lemma one_minus_two_inner_eq:
  fixes x y :: "'a::real_inner"
  shows "1 - 2 * (x \<bullet> y) + (norm x)\<^sup>2 * (norm y)\<^sup>2
    = (norm (x - y))\<^sup>2 + (1 - (norm x)\<^sup>2) * (1 - (norm y)\<^sup>2)"
  by (simp add: power2_norm_eq_inner inner_diff algebra_simps inner_commute)

lemma hreg_eq_ln:
  assumes x: "norm x < 1" and y: "norm y < 1"
  shows "hreg x y = - (1 / (4 * pi)) * ln (1 - 2 * (x \<bullet> y) + (norm x)\<^sup>2 * (norm y)\<^sup>2)"
proof (cases "y = 0")
  case False
  define y' where "y' = (1 / (norm y)\<^sup>2) *\<^sub>R y"
  have ny: "0 < norm y" using False by simp
  have "norm y' = 1 / norm y" unfolding y'_def using ny by (simp add: power2_eq_square)
  then have "1 < norm y'" using y ny by simp
  then have "x \<noteq> y'" using x by auto
  then have nz: "0 < norm (x - y')" by simp
  have sq: "(norm y * norm (x - y'))\<^sup>2 = 1 - 2 * (x \<bullet> y) + (norm x)\<^sup>2 * (norm y)\<^sup>2"
    unfolding power_mult_distrib power2_norm_eq_inner inner_diff inner_scaleR_left inner_scaleR_right y'_def
    using ny by (simp add: field_simps power2_norm_eq_inner[symmetric] inner_commute power2_eq_square)
  have "ln (1 - 2 * (x \<bullet> y) + (norm x)\<^sup>2 * (norm y)\<^sup>2) = ln ((norm y * norm (x - y'))\<^sup>2)"
    unfolding sq ..
  also have "\<dots> = 2 * (ln (norm y) + ln (norm (x - y')))" using ny nz by (simp add: ln_realpow ln_mult)
  finally show ?thesis unfolding hreg_def y'_def[symmetric] using False by (simp add: field_simps)
qed (simp add: hreg_def)

lemma H2_eq_reduced_energy:
  assumes k1: "0 < k1" and x: "norm x < 1" and y: "norm y < 1" and "x \<noteq> y"
  shows "H2 k1 k2 x y = k1\<^sup>2 / (2 * pi) * reduced_energy (- k2 / k1) (norm x) (norm y) (norm (x - y))"
proof -
  define P where "P = (1 - (norm x)\<^sup>2) * (1 - (norm y)\<^sup>2)"
  have d: "0 < norm (x - y)" using \<open>x \<noteq> y\<close> by simp
  have px: "0 < 1 - (norm x)\<^sup>2" "0 < 1 - (norm y)\<^sup>2" using x y by (simp_all add: abs_square_less_1)
  then have "0 < P" unfolding P_def by simp
  have diag: "hreg z z = - (1 / (2 * pi)) * ln (1 - (norm z)\<^sup>2)" if "norm z < 1" for z
  proof -
    have "1 - 2 * (z \<bullet> z) + (norm z)\<^sup>2 * (norm z)\<^sup>2 = (1 - (norm z)\<^sup>2)\<^sup>2"
      by (simp add: dot_square_norm power2_eq_square algebra_simps)
    moreover have "0 < 1 - (norm z)\<^sup>2" using that by (simp add: abs_square_less_1)
    ultimately show ?thesis using hreg_eq_ln[OF that that] by (simp add: ln_realpow)
  qed
  have "ln (1 + P / (norm (x - y))\<^sup>2)
      = ln (1 - 2 * (x \<bullet> y) + (norm x)\<^sup>2 * (norm y)\<^sup>2) - 2 * ln (norm (x - y))"
  proof -
    have "1 + P / (norm (x - y))\<^sup>2 = (1 - 2 * (x \<bullet> y) + (norm x)\<^sup>2 * (norm y)\<^sup>2) / (norm (x - y))\<^sup>2"
      unfolding one_minus_two_inner_eq P_def using d by (simp add: field_simps)
    moreover have "0 < 1 - 2 * (x \<bullet> y) + (norm x)\<^sup>2 * (norm y)\<^sup>2"
      unfolding one_minus_two_inner_eq using \<open>0 < P\<close> P_def by (simp add: add_nonneg_pos)
    ultimately show ?thesis using d by (simp add: ln_div ln_realpow)
  qed
  then have "greenD x y = (1 / (4 * pi)) * ln (1 + P / (norm (x - y))\<^sup>2)"
    unfolding greenD_def hreg_eq_ln[OF x y] using d by (simp add: ln_div field_simps)
  moreover have "k2 = - (- k2 / k1) * k1" using k1 by simp
  ultimately show ?thesis
    unfolding H2_def diag[OF x] diag[OF y] reduced_energy_def P_def[symmetric]
    using k1 by (simp add: field_simps power2_eq_square)
qed

lemma norm_cos_sin_vector: "norm (vector [cos t, sin t] :: real^2) = 1"
  unfolding norm_eq_sqrt_inner inner_vec_def sum_2 by simp

lemma unit_vector_eq_cos_sin:
  fixes e :: "real^2" assumes "norm e = 1"
  shows "\<exists>t\<in>{0..<2 * pi}. e = vector [cos t, sin t]"
proof -
  have "(e $ 1)\<^sup>2 + (e $ 2)\<^sup>2 = 1"
    using assms unfolding norm_eq_sqrt_inner inner_vec_def sum_2 by (simp add: power2_eq_square)
  then obtain t where "0 \<le> t" "t < 2 * pi" "e $ 1 = cos t" "e $ 2 = sin t"
    by (rule sincos_total_2pi)
  then show ?thesis unfolding vec_eq_iff forall_2 by auto
qed

lemma norm_diff_eq_add_iff_antipodal:
  fixes x y :: "real^2"
  assumes x: "norm x = u" and y: "norm y = v" and u: "0 < u"
  shows "norm (x - y) = u + v \<longleftrightarrow>
    (\<exists>t\<in>{0..<2 * pi}. x = u *\<^sub>R vector [cos t, sin t] \<and> y = (- v) *\<^sub>R vector [cos t, sin t])"
proof
  assume "norm (x - y) = u + v"
  then have "norm (x + - y) = norm x + norm (- y)" using x y by simp
  then have yx: "u *\<^sub>R (- y) = v *\<^sub>R x" unfolding norm_triangle_eq using x y by simp
  define e where "e = (1 / u) *\<^sub>R x"
  have "x = u *\<^sub>R e" unfolding e_def using u by simp
  moreover have "y = (- v) *\<^sub>R e"
    using arg_cong[OF yx, of "scaleR (- 1 / u)"] u unfolding e_def by (simp add: field_simps)
  moreover obtain t where "t \<in> {0..<2 * pi}" "e = vector [cos t, sin t]"
    using unit_vector_eq_cos_sin[of e] x u unfolding e_def by auto
  ultimately show "\<exists>t\<in>{0..<2 * pi}. x = u *\<^sub>R vector [cos t, sin t] \<and> y = (- v) *\<^sub>R vector [cos t, sin t]"
    by blast
next
  assume "\<exists>t\<in>{0..<2 * pi}. x = u *\<^sub>R vector [cos t, sin t] \<and> y = (- v) *\<^sub>R vector [cos t, sin t]"
  then obtain t where "x - y = (u + v) *\<^sub>R vector [cos t, sin t]"
    by (auto simp: algebra_simps)
  then show "norm (x - y) = u + v" using u y norm_ge_zero[of y] norm_cos_sin_vector[of t] by simp
qed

****

Your answer should be one number: how many lines in the material hold the word "where".

## WRITTEN SOLUTION
6